In this case, the effect is lower the later the unit receives treatment. This may be the case when policies have larger payoffs for early adopters. This comes from the `D * (0.2 - 1 * (D_time - as.numeric(periods)))` part of the `potential_outcomes` function.
We have two inquiries. The first inquiry is the **Average Treatment effect on the Treated (ATT)**. This is the difference between the observed post-treatment outcome in the treatment group and the unobserved counterfactual of the same group without receiving treatment.
For this particular version of the design, another inquiry is the ATT among those who *just switched* from control to treatment, so we are focusing on the potential outcomes of units who are treated now but were not treated one period ago.

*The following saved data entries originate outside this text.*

lemma hyd_eigval_gap:
  assumes "\<kappa> > 0" "n \<in> {L+1..2*L}" "m \<in> {L+1..2*L}" "n \<noteq> m"
  shows "2 / \<bar>hyd_eigval \<kappa> n - hyd_eigval \<kappa> m\<bar> \<le> 64 * (real L)^3 / (\<kappa>\<^sup>2 * \<bar>real n - real m\<bar>)"
proof -
  define x y where "x = real n" and "y = real m"
  have x: "real L + 1 \<le> x" "x \<le> 2 * real L" and y: "real L + 1 \<le> y" "y \<le> 2 * real L"
    using assms(2,3) by (auto simp: x_def y_def)
  have pos1: "\<kappa>\<^sup>2 * \<bar>x - y\<bar> > 0" and pos2: "x + y > 0"
    using assms x y by (auto simp: x_def y_def)
  then have pos: "\<kappa>\<^sup>2 * \<bar>x - y\<bar> * (x + y) > 0" by simp
  have "x\<^sup>2 * y\<^sup>2 \<le> (2 * real L)\<^sup>2 * (2 * real L)\<^sup>2"
    using x y by (intro mult_mono power_mono) auto
  also have "\<dots> \<le> 8 * (real L)^3 * (x + y)"
    using x y by (simp add: power2_eq_square power3_eq_cube mult_left_mono)
  finally have xy: "x\<^sup>2 * y\<^sup>2 \<le> 8 * (real L)^3 * (x + y)" .
  have "\<bar>hyd_eigval \<kappa> n - hyd_eigval \<kappa> m\<bar> = \<kappa>\<^sup>2 * \<bar>x - y\<bar> * (x + y) / (4 * (x\<^sup>2 * y\<^sup>2))"
    using hyd_eigval_diff[of n m \<kappa>] assms(2,3) x y
    by (simp add: x_def y_def abs_mult abs_divide mult_ac)
  then have "2 / \<bar>hyd_eigval \<kappa> n - hyd_eigval \<kappa> m\<bar> = 8 * (x\<^sup>2 * y\<^sup>2) / (\<kappa>\<^sup>2 * \<bar>x - y\<bar> * (x + y))"
    using x y by simp
  also have "\<dots> \<le> 64 * (real L)^3 * (x + y) / (\<kappa>\<^sup>2 * \<bar>x - y\<bar> * (x + y))"
    using xy pos by (intro divide_right_mono) (auto simp: mult_ac)
  also have "\<dots> = 64 * (real L)^3 / (\<kappa>\<^sup>2 * \<bar>x - y\<bar>)"
    using pos2 by (intro mult_divide_mult_cancel_right) simp
  finally show ?thesis by (simp add: x_def y_def)
qed
(* Let $(X_n,\|\cdot\|_n)_{n\ge1}$ be a sequence of Banach spaces and $(X,\|\cdot\|)$ the space defined in the context. Let $(x_m)_{m\ge1}$ be a bounded sequence in $X$ and $x\in X\setminus\{0\}$ with $x_m\overset{p}{\to}x$. Then there exists an infinite subset $M\subseteq\mathbb{N}$ such that the norms of the vectors of the set $\{x_m:m\in M\}\cup\{x\}$ have the same representation.
   Context: $c_{00}((X_n))$ is the vector space of sequences $(x_1,x_2,\dots)$ with $x_k\in X_k$ and only finitely many $x_k\ne0$; $(x_1,\dots,x_n)$ denotes $(x_1,\dots,x_n,0,0,\dots)$. On $c_{00}((X_n))$ define inductively $\|(x_1)\|=\|x_1\|_1$ (the norm of $X_1$) and, for $n\ge2$, $$\|(x_1,\dots,x_n)\|=\Big(1-\tfrac{1}{n+1}\Big)\big(\|x_n\|_n+\|(x_1,\dots,x_{n-1})\|\big)+\tfrac{1}{n+1}\max\Big\{\tfrac{\|x_n\|_n}{n},\ \|(x_1,\dots,x_{n-1})\|\Big\}.$$ $X$ is the completion of $(c_{00}((X_n)),\|\cdot\|)$, identified with the space of sequences $x=(x_n)$, $x_n\in X_n$, with $\sum_n\|x_n\|_n<\infty$, where $\|x\|=\lim_k\|(x_1,\dots,x_k)\|$. For a sequence $x_m=(x_{m1},x_{m2},\dots)\in X$ and $x=(x_1,x_2,\dots)\in X$, write $x_m\overset{p}{\to}x$ (pointwise convergence) if $\|x_{mn}-x_n\|_n\to0$ as $m\to\infty$ for every $n\in\mathbb{N}$. Two vectors $x=(x_n),y=(y_n)\in X$ have norms with the same representation if there exist sequences $(d_n)_{n\ge1},(s_n)_{n\ge1}\subseteq(0,1]$ with $\|x\|=\sum_n d_n\|x_n\|_n$, $\|y\|=\sum_n s_n\|y_n\|_n$ and $d_n=s_n$ for every $n$; the norms of the vectors of a set have the same representation if there is a single sequence $(d_n)\subseteq(0,1]$ with $\|z\|=\sum_n d_n\|z_n\|_n$ for every $z$ in the set. *)

theory Defs
  imports "HOL-Analysis.Analysis"
begin
definition add_group :: "'a brace \<Rightarrow> 'a monoid" where
  "add_group B = \<lparr>carrier = carrier_b B, monoid.mult = plus_b B, one = zero_b B\<rparr>"

definition mult_group :: "'a brace \<Rightarrow> 'a monoid" where
  "mult_group B = \<lparr>carrier = carrier_b B, monoid.mult = circ_b B, one = zero_b B\<rparr>"

definition neg_b :: "'a brace \<Rightarrow> 'a \<Rightarrow> 'a" where
  "neg_b B a = inv\<^bsub>add_group B\<^esub> a"

definition left_brace :: "'a brace \<Rightarrow> bool" where
  "left_brace B \<longleftrightarrow> comm_group (add_group B) \<and> group (mult_group B) \<and>
     (\<forall>a\<in>carrier_b B. \<forall>b\<in>carrier_b B. \<forall>c\<in>carrier_b B.
        circ_b B a (plus_b B b c) = plus_b B (plus_b B (circ_b B a b) (neg_b B a)) (circ_b B a c))"

definition lambda_b :: "'a brace \<Rightarrow> 'a \<Rightarrow> 'a \<Rightarrow> 'a" where
  "lambda_b B a b = plus_b B (neg_b B a) (circ_b B a b)"

definition soc :: "'a brace \<Rightarrow> 'a set" where
  "soc B = {a \<in> carrier_b B. \<forall>b\<in>carrier_b B. lambda_b B a b = b}"

definition trivial_brace :: "'a brace \<Rightarrow> bool" where
  "trivial_brace B \<longleftrightarrow> (\<forall>a\<in>carrier_b B. \<forall>b\<in>carrier_b B. circ_b B a b = plus_b B a b)"

definition sylow_subgroup :: "('a, 'b) monoid_scheme \<Rightarrow> nat \<Rightarrow> 'a set \<Rightarrow> bool" where
  "sylow_subgroup G p P \<longleftrightarrow> Factorial_Ring.prime p \<and> subgroup P G \<and> card P = p ^ multiplicity p (order G)"

definition z_group :: "('a, 'b) monoid_scheme \<Rightarrow> bool" where
  "z_group G \<longleftrightarrow> group G \<and> finite (carrier G) \<and>
     (\<forall>p P. sylow_subgroup G p P \<longrightarrow> cyclic_group (subgroup_generated G P))"

definition prod_brace :: "nat set \<Rightarrow> (nat \<Rightarrow> 'a brace) \<Rightarrow> (nat \<Rightarrow> 'a) brace" where
  "prod_brace I Bs = \<lparr>carrier_b = (\<Pi>\<^sub>E i\<in>I. carrier_b (Bs i)),
     plus_b = (\<lambda>f g. \<lambda>i\<in>I. plus_b (Bs i) (f i) (g i)),
     circ_b = (\<lambda>f g. \<lambda>i\<in>I. circ_b (Bs i) (f i) (g i)),
     zero_b = (\<lambda>i\<in>I. zero_b (Bs i))\<rparr>"

definition emb :: "nat set \<Rightarrow> (nat \<Rightarrow> 'a brace) \<Rightarrow> nat \<Rightarrow> 'a \<Rightarrow> (nat \<Rightarrow> 'a)" where
  "emb I Bs j b = (\<lambda>i\<in>I. if i = j then b else zero_b (Bs i))"

definition pair_brace :: "'a brace \<Rightarrow> 'b brace \<Rightarrow> ('a \<times> 'b) brace" where
  "pair_brace A B = \<lparr>carrier_b = carrier_b A \<times> carrier_b B,
     plus_b = (\<lambda>(x,y) (x',y'). (plus_b A x x', plus_b B y y')),
     circ_b = (\<lambda>(x,y) (x',y'). (circ_b A x x', circ_b B y y')),
     zero_b = (zero_b A, zero_b B)\<rparr>"

definition semidirect_brace :: "'a brace \<Rightarrow> 'b brace \<Rightarrow> ('b \<Rightarrow> 'a \<Rightarrow> 'a) \<Rightarrow> ('a \<times> 'b) brace" where
  "semidirect_brace N H \<alpha> = \<lparr>carrier_b = carrier_b N \<times> carrier_b H,
     plus_b = (\<lambda>(x,y) (x',y'). (plus_b N x x', plus_b H y y')),
     circ_b = (\<lambda>(x,y) (x',y'). (circ_b N x (\<alpha> y x'), circ_b H y y')),
     zero_b = (zero_b N, zero_b H)\<rparr>"

definition action_hom :: "'b brace \<Rightarrow> 'a brace \<Rightarrow> ('b \<Rightarrow> 'a \<Rightarrow> 'a) \<Rightarrow> bool" where
  "action_hom H N \<alpha> \<longleftrightarrow>
     (\<forall>y\<in>carrier_b H. \<alpha> y \<in> Group.iso (add_group N) (add_group N)) \<and>
     (\<forall>y\<in>carrier_b H. \<forall>y'\<in>carrier_b H. \<forall>x\<in>carrier_b N.
        \<alpha> (circ_b H y y') x = \<alpha> y (\<alpha> y' x))"
lemma T62_free_bound:
  assumes "simple_graph V E" and "\<not> contains_T62 V E"
  shows "2 * card E + rem_term (card V) \<le> 4 * card V"
  using assms
proof (induction "card V" arbitrary: V E rule: less_induct)
  case less
  note sg = less.prems(1) and nc = less.prems(2)
  have fV: "finite V" using sg simple_graph_def by auto
  show ?case
  proof (cases "connected_graph V E")
    case False
    then obtain X where X: "X \<noteq> {}" "X \<subset> V" and sep: "\<forall>e\<in>E. e \<subseteq> X \<or> e \<subseteq> V - X"
      unfolding connected_graph_def by blast
    have XV: "X \<subseteq> V" and fX: "finite X" using X fV finite_subset by auto
    have smaller: "card X < card V" "card (V - X) < card V"
      using X fV by (auto intro: psubset_card_mono)
    have "2 * card {e\<in>E. e \<subseteq> X} + rem_term (card X) \<le> 4 * card X"
      using less(1)[OF smaller(1) induced_part[OF sg nc XV]] .
    moreover have "2 * card {e\<in>E. e \<subseteq> V - X} + rem_term (card (V - X)) \<le> 4 * card (V - X)"
      using less(1)[OF smaller(2) induced_part[OF sg nc Diff_subset]] .
    moreover have "card V = card X + card (V - X)"
      using card_Diff_subset[OF fX XV] card_mono[OF fV XV] by simp
    ultimately show ?thesis
      using card_edges_split[OF sg sep] rem_term_subadditive[of "card X" "card (V - X)"] by simp
  next
    case True
    show ?thesis
    proof (cases "card V \<le> 5")
      case True
      have "E \<subseteq> {B. B \<subseteq> V \<and> card B = 2}" using sg unfolding simple_graph_def by auto
      then have "card E \<le> card {B. B \<subseteq> V \<and> card B = 2}" using fV by (intro card_mono) auto
      also have "\<dots> = card V choose 2" using fV by (rule n_subsets)
      finally show ?thesis using small_graph_bound[OF True] by simp
    next
      case False
      then show ?thesis
        using deficiency_connected[OF sg nc True] deficiency_eq[OF sg] rem_term_le_6[of "card V"]
        by simp
    qed
  qed
qed
lemma utility_upd_has_derivative:
  assumes x: "x \<in> profile_set lo hi"
  shows "((\<lambda>y. utility f c W i (upd x i y)) has_real_derivative marginal_utility i x)
           (at (x $ i) within strat_set lo hi i)"
proof -
  let ?k = "\<lambda>y. gain W x i + (y - x $ i)"
  have xi: "x $ i \<in> strat_set lo hi i" using x by (simp add: profile_set_def)
  have "?k ` strat_set lo hi i \<subseteq> gain_set W lo hi i"
    using gain_mem_gain_set[OF upd_mem_profile_set[OF x]] by (auto simp flip: gain_upd[OF W_diag])
  from DERIV_subset[OF f_deriv[OF gain_mem_gain_set[OF x]] this]
  have "(f i has_real_derivative f' i (gain W x i)) (at (?k (x $ i)) within ?k ` strat_set lo hi i)"
    by simp
  moreover have "(?k has_real_derivative 1) (at (x $ i) within strat_set lo hi i)"
    by (auto intro!: derivative_eq_intros)
  ultimately have "((\<lambda>y. f i (?k y)) has_real_derivative f' i (gain W x i))
      (at (x $ i) within strat_set lo hi i)"
    using DERIV_image_chain by (fastforce simp: comp_def)
  from DERIV_diff[OF this c_deriv[OF xi]] show ?thesis
    by (simp add: utility_upd marginal_utility_def)
qed
lemma circulant_minus:
  assumes "A \<in> carrier_mat k k" "B \<in> carrier_mat k k" "circulant A" "circulant B"
  shows "circulant (A - B)"
  using assms by (simp add: circulant_iff_shift_invariant[of _ k] minus_carrier_mat)

lemma circulant_smult:
  assumes "A \<in> carrier_mat k k" "circulant A"
  shows "circulant (a \<cdot>\<^sub>m A)"
  using assms by (simp add: circulant_iff_shift_invariant[of _ k])

lemma circulant_transpose:
  assumes "A \<in> carrier_mat k k" "circulant A"
  shows "circulant A\<^sup>T"
  using assms by (simp add: circulant_iff_shift_invariant[of _ k])

lemma circulant_mult:
  fixes A B :: "'a :: semiring_1 mat"
  assumes A: "A \<in> carrier_mat k k" and B: "B \<in> carrier_mat k k"
    and "circulant A" "circulant B"
  shows "circulant (A * B)"
proof -
  let ?P = "shift_mat k :: 'a mat"
  have P: "?P \<in> carrier_mat k k"
    by simp
  have PA: "?P * A = A * ?P" and PB: "?P * B = B * ?P"
    using assms circulant_iff_commute_shift_mat by blast+
  have "?P * (A * B) = (A * ?P) * B"
    using assoc_mult_mat[OF P A B] by (simp add: PA)
  also have "\<dots> = A * (B * ?P)"
    using assoc_mult_mat[OF A P B] by (simp add: PB)
  also have "\<dots> = (A * B) * ?P"
    using assoc_mult_mat[OF A B P] by simp
  finally show ?thesis
    using A B by (simp add: circulant_iff_commute_shift_mat[of _ k])
qed

lemma circulant_inverse:
  fixes A B :: "'a :: semiring_1 mat"
  assumes A: "A \<in> carrier_mat k k" and B: "B \<in> carrier_mat k k"
    and AB: "A * B = 1\<^sub>m k" and BA: "B * A = 1\<^sub>m k" and "circulant A"
  shows "circulant B"
proof -
  let ?P = "shift_mat k :: 'a mat"
  have PA: "?P * A = A * ?P"
    using assms circulant_iff_commute_shift_mat by blast
  have P: "?P \<in> carrier_mat k k"
    by simp
  have "?P * B = (B * A) * (?P * B)"
    using P B by (simp add: BA)
  also have "\<dots> = B * ((A * ?P) * B)"
    using assoc_mult_mat[OF B A mult_carrier_mat[OF P B]] assoc_mult_mat[OF A P B] by simp
  also have "\<dots> = (B * ?P) * (A * B)"
    using assoc_mult_mat[OF P A B] assoc_mult_mat[OF B P mult_carrier_mat[OF A B]] by (simp flip: PA)
  also have "\<dots> = B * ?P"
    using P B by (simp add: AB)
  finally show ?thesis
    using B by (simp add: circulant_iff_commute_shift_mat[of _ k])
qed

lemma circ_mult_first_row:
  assumes "j < k"
  shows "(circ k a * circ k b) $$ (0, j) = (\<Sum>l = 0..<k. a l * b ((j + k - l) mod k))"
  using assms by (auto simp: circ_def scalar_prod_def intro!: sum.cong)

lemma circulant_mult_commute:
  fixes A B :: "'a :: comm_semiring_1 mat"
  assumes A: "A \<in> carrier_mat k k" and B: "B \<in> carrier_mat k k"
    and "circulant A" "circulant B"
  shows "A * B = B * A"
proof -
  obtain a b where a: "A = circ k a" and b: "B = circ k b"
    using assms by (auto simp: circulant_def)
  have first_row: "(A * B) $$ (0, j) = (B * A) $$ (0, j)" if "j < k" for j
  proof -
    have "(\<Sum>l = 0..<k. a l * b ((j + k - l) mod k)) = (\<Sum>l = 0..<k. b l * a ((j + k - l) mod k))"
      using that
      by (intro sum.reindex_bij_witness[of _ "\<lambda>l. (j + k - l) mod k" "\<lambda>l. (j + k - l) mod k"])
        (auto simp: mod_diff_mod_diff mult.commute)
    then show ?thesis
      unfolding a b circ_mult_first_row[OF that] .
  qed
  have "circulant (A * B)" "circulant (B * A)"
    using assms circulant_mult by blast+
  then have "A * B = circ k (\<lambda>t. (A * B) $$ (0, t))" "B * A = circ k (\<lambda>t. (B * A) $$ (0, t))"
    using A B circulant_eq_circ_first_row by fastforce+
  then show ?thesis
    using first_row circ_cong by metis
qed

lemma det_mult_transpose_add_one_neq_0:
  fixes C :: "real mat"
  assumes C: "C \<in> carrier_mat k m"
  shows "det (C * C\<^sup>T + 1\<^sub>m k) \<noteq> 0"
proof
  have CCT: "C * C\<^sup>T + 1\<^sub>m k \<in> carrier_mat k k"
    using C by simp
  assume "det (C * C\<^sup>T + 1\<^sub>m k) = 0"
  then obtain v where v: "v \<in> carrier_vec k" "v \<noteq> 0\<^sub>v k"
    and ker: "(C * C\<^sup>T + 1\<^sub>m k) *\<^sub>v v = 0\<^sub>v k"
    using det_0_iff_vec_prod_zero[OF CCT] by blast
  define w where "w = C\<^sup>T *\<^sub>v v"
  have w: "w \<in> carrier_vec m"
    using C v by (simp add: w_def)
  have "0 = v \<bullet> ((C * C\<^sup>T + 1\<^sub>m k) *\<^sub>v v)"
    using ker v by simp
  also have "\<dots> = v \<bullet> (C *\<^sub>v w + v)"
    using C v by (simp add: add_mult_distrib_mat_vec[of _ k k] w_def)
  also have "\<dots> = v \<bullet> (C *\<^sub>v w) + v \<bullet> v"
    using C v w by (intro scalar_prod_add_distrib[of _ k]) auto
  also have "v \<bullet> (C *\<^sub>v w) = w \<bullet> w"
    using transpose_vec_mult_scalar[OF C w v(1)] by (simp add: w_def)
  finally have "w \<bullet>c w + v \<bullet>c v = 0"
    by simp
  then have "v \<bullet>c v = 0"
    using conjugate_square_ge_0_vec[of w] conjugate_square_ge_0_vec[of v] by linarith
  then show False
    using conjugate_square_eq_0_vec[OF v(1)] v(2) by blast
qed

lemma inv_mat_inverse:
  assumes A: "A \<in> carrier_mat k k" and "det A \<noteq> 0"
  shows "inv_mat A \<in> carrier_mat k k" "A * inv_mat A = 1\<^sub>m k" "inv_mat A * A = 1\<^sub>m k"
proof -
  obtain B where B: "mat_inverse A = Some B"
  proof (cases "mat_inverse A")
    case None
    then show ?thesis
      using mat_inverse(1)[OF A None, of "()"] det_non_zero_imp_unit[OF A \<open>det A \<noteq> 0\<close>, of "()"]
      by blast
  qed
  then show "inv_mat A \<in> carrier_mat k k" "A * inv_mat A = 1\<^sub>m k" "inv_mat A * A = 1\<^sub>m k"
    using mat_inverse(2)[OF A B] by (simp_all add: inv_mat_def)
qed

lemma right_inverse_of_symmetric_is_symmetric:
  fixes A B :: "'a :: comm_semiring_1 mat"
  assumes A: "A \<in> carrier_mat k k" and B: "B \<in> carrier_mat k k"
    and AT: "A\<^sup>T = A" and AB: "A * B = 1\<^sub>m k"
  shows "B\<^sup>T = B"
proof -
  have BTA: "B\<^sup>T * A = 1\<^sub>m k"
    using transpose_mult[OF A B] by (simp add: AT AB)
  have "B\<^sup>T = (B\<^sup>T * A) * B"
    using assoc_mult_mat[of "B\<^sup>T" k k A k B k] A B by (simp add: AB)
  then show ?thesis
    using B by (simp add: BTA)
qed

lemma transpose_smult_mat: "(a \<cdot>\<^sub>m A)\<^sup>T = a \<cdot>\<^sub>m A\<^sup>T"
  by (rule eq_matI) auto

theorem mainTheorem2:
  fixes n :: nat
  assumes "n \<ge> 4"
  defines "C \<equiv> wheelC (n - 1)"
  defines "X \<equiv> 2 \<cdot>\<^sub>m (inv_mat (C * C\<^sup>T + 1\<^sub>m (n - 1)) *
                 (real (n - 1) \<cdot>\<^sub>m 1\<^sub>m (n - 1) - all_ones_mat (n - 1)))"
  defines "Y \<equiv> all_ones_mat (n - 1) + C\<^sup>T * X"
  shows "X\<^sup>T = X \<and> circulant X \<and> circulant Y"
proof -
  define k where "k = n - 1"
  define A where "A = C * C\<^sup>T + 1\<^sub>m k"
  define B where "B = inv_mat A"
  define N where "N = real k \<cdot>\<^sub>m 1\<^sub>m k - all_ones_mat k"
  have C: "C \<in> carrier_mat k k" "circulant C"
    by (simp_all add: C_def k_def wheelC_def)
  have A: "A \<in> carrier_mat k k" "circulant A" "A\<^sup>T = A"
    using C by (auto simp: A_def transpose_add[of _ k k] transpose_mult[of _ k k]
        intro!: circulant_add circulant_mult circulant_transpose)
  have "det A \<noteq> 0"
    using det_mult_transpose_add_one_neq_0[OF C(1)] by (simp add: A_def)
  then have B: "B \<in> carrier_mat k k" "A * B = 1\<^sub>m k" "B * A = 1\<^sub>m k"
    using inv_mat_inverse[OF A(1)] by (simp_all add: B_def)
  have B_circ: "circulant B" and B_sym: "B\<^sup>T = B"
    using A B circulant_inverse right_inverse_of_symmetric_is_symmetric by blast+
  have N: "N \<in> carrier_mat k k" "circulant N" "N\<^sup>T = N"
    by (auto simp: N_def minus_carrier_mat transpose_minus[of _ k k] transpose_smult_mat
        intro!: circulant_minus circulant_smult)
  have X_eq: "X = 2 \<cdot>\<^sub>m (B * N)"
    by (simp add: X_def A_def B_def N_def k_def)
  have "(B * N)\<^sup>T = B * N"
    using B N B_circ B_sym by (simp add: transpose_mult[of _ k k] circulant_mult_commute[of N k B])
  moreover have X_circ: "circulant X"
    using B N B_circ by (auto simp: X_eq intro!: circulant_smult circulant_mult)
  moreover have "circulant Y"
    unfolding Y_def k_def[symmetric] using C X_circ B N
    by (auto simp: X_eq intro!: circulant_add circulant_mult circulant_transpose)
  ultimately show ?thesis
    by (simp add: X_eq transpose_smult_mat)
qed

end
(* Let $n\in\mathbb{N}$, $1<p<q$, $0<\omega<\omega_{p,q}$, and let $u$ be the positive solution of $$u''+\frac{n-1}{r}u'+f(u)=0\ (r>0),\qquad u'(0)=0,\qquad \lim_{r\to\infty}u(r)=0,$$ with $f(u)=-\omega u+u^p-u^q$. Define $$P(r)=r^n\big[u'(r)^2+2F(u(r))\big]+(n-2)r^{n-1}u(r)u'(r),\qquad F(u)=\int_0^u f(s)\,ds.$$ Then $P(r)>0$ for all $r>0$.
   Context: $\omega_{p,q}=\frac{2(q-p)}{(p+1)(q-1)}\left[\frac{(p-1)(q+1)}{(p+1)(q-1)}\right]^{\frac{p-1}{q-p}}$; for such $\omega$ the positive solution exists and is unique. *)

theory Defs
  imports "HOL-Analysis.Analysis"
begin

definition omega_pq :: "real \<Rightarrow> real \<Rightarrow> real" where
  "omega_pq p q = 2 * (q - p) / ((p + 1) * (q - 1)) *
     (((p - 1) * (q + 1)) / ((p + 1) * (q - 1))) powr ((p - 1) / (q - p))"

definition nonlin :: "real \<Rightarrow> real \<Rightarrow> real \<Rightarrow> real \<Rightarrow> real" where
  "nonlin \<omega> p q s = - \<omega> * s + s powr p - s powr q"

definition Prim :: "real \<Rightarrow> real \<Rightarrow> real \<Rightarrow> real \<Rightarrow> real" where
  "Prim \<omega> p q x = integral {0..x} (nonlin \<omega> p q)"

definition Pohozaev :: "nat \<Rightarrow> real \<Rightarrow> real \<Rightarrow> real \<Rightarrow> (real \<Rightarrow> real) \<Rightarrow> (real \<Rightarrow> real) \<Rightarrow> real \<Rightarrow> real" where
  "Pohozaev n \<omega> p q u u' r =
     r ^ n * ((u' r)\<^sup>2 + 2 * Prim \<omega> p q (u r)) + (real n - 2) * r ^ (n - 1) * u r * u' r"

end

theory Submission
  imports Defs
begin
(* Let $A$ be a real Baer von Neumann regular poring, let $\mathfrak{p}\in\mathrm{Spec}\,A$ and let $B=\prod_{\mathfrak{q}\in\mathrm{Spec}\,A}K_\mathfrak{q}$ be an epof of $A$. Let $e\in B$ be the idempotent with $e(\mathfrak{q})=1$ for $\mathfrak{q}\neq\mathfrak{p}$ and $e(\mathfrak{p})=0$. Then $\mathfrak{p}$ is an isolated point of $\mathrm{Spec}\,A$ if and only if there is an ideal $I$ of $B$ with $I\subset eB$ such that $B/I$ is an essential extension of $A$ (via $A\to B\to B/I$).
   Context: All rings are commutative and unitary. A poring is a ring $A$ with a partial ordering $A^+$ (closed under addition and multiplication, containing all squares). A ring is real if $\sum a_i^2=0$ implies all $a_i=0$; von Neumann regular if every $a$ has $b$ with $a=a^2b$; Baer if the annihilator of every subset is generated by an idempotent. An epof of $A$ is the poring $B=\prod_{\mathfrak{q}\in\mathrm{Spec}\,A}K_\mathfrak{q}$ with $B^+=B^2$, each $K_\mathfrak{q}$ a real closed field algebraic over $\mathrm{qf}(A/\mathfrak{q})$ with $A^+/\mathfrak{q}\subset K_\mathfrak{q}^2$, $A$ embedded diagonally; $b(\mathfrak{q})$ denotes the $\mathfrak{q}$-component of $b\in B$. $A\to D$ is an essential extension if it is injective and every nonzero ideal of $D$ meets the image of $A$ nontrivially. A point is isolated if its singleton is clopen. *)

theory Defs
  imports "HOL-Algebra.QuotRing"
begin

(* Poring: commutative ring A with a partial ordering given by the positive cone P *)
definition poring :: "('a, 'm) ring_scheme \<Rightarrow> 'a set \<Rightarrow> bool" where
  "poring A P \<longleftrightarrow> cring A \<and> P \<subseteq> carrier A
     \<and> (\<forall>x\<in>P. \<forall>y\<in>P. x \<oplus>\<^bsub>A\<^esub> y \<in> P \<and> x \<otimes>\<^bsub>A\<^esub> y \<in> P)
     \<and> (\<forall>x\<in>carrier A. x \<otimes>\<^bsub>A\<^esub> x \<in> P)
     \<and> (\<forall>x\<in>P. \<ominus>\<^bsub>A\<^esub> x \<in> P \<longrightarrow> x = \<zero>\<^bsub>A\<^esub>)"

This means we are ignoring those who start the study in the treatment group, as well as the potential outcomes from periods outside the switching window.
```{r}
inq1 = declare_inquiry(
ATT = mean(Y_D_1 - Y_D_0),
subset = D == 1
)
inq2 = declare_inquiry(
ATT_switchers = mean(Y_D_1 - Y_D_0),
subset = D == 1 & D_lag == 0 & !is.na(D_lag)
)
```
There is no randomization procedure, so the data strategy only realizes the observed outcomes based on the potential outcomes.
```{r}
reveal = declare_measurement(Y = reveal_outcomes(Y ~ D))
```
The estimator is a linear regression that controls for variability that is unrelated to the treatment at the unit and period level using "fixed effects." This is equivalent to calculating all the group means individually, but much less cumbersome. Because we are including fixed effects for two sources of variability, we call this a "two-way fixed effect" model. Many other estimators exist that aim to overcome the difficulties that emerge from multiple treatment periods, but for our purposes it is sufficient to focus on the canonical estimator.
```{r}
est = declare_estimator(
Y ~ D,
fixed_effects = ~ units + periods,
.method = lm_robust,
inquiry = c("ATT", "ATT_switchers"),
label = "twoway-fe"
)
```
## TASKS
**1. Diagnose the current design. How does it perform in terms of bias, RMSE, and power?**
**2. Why is the performance for the** `ATT` **inquiry different from the performance for the** `ATT_switchers` **inquiry?**
***Hint: This does not need code but a careful read of the material for this week, especially [chapter 16.3](https://book.declaredesign.org/library/observational-causal.html#sec-ch16s3) of the RD book.***
**3. What happens to performance in terms of bias, RMSE, and power when you increase the number of time periods? Show at least 3 values larger than 2 but smaller or equal than 10. You do not need to give a specific answer for each of the three values. Instead, explain the general trend and elaborate on why it happens.**
**4. Is there an optimal number of time periods? What makes you say so? (You only need to show code and output if you haven't already done so).**
# Answers
Write your answers here. Remember to show the code you use to get the answer and to use `set.seed` with your student number to get unique results in simulations and diagnosis.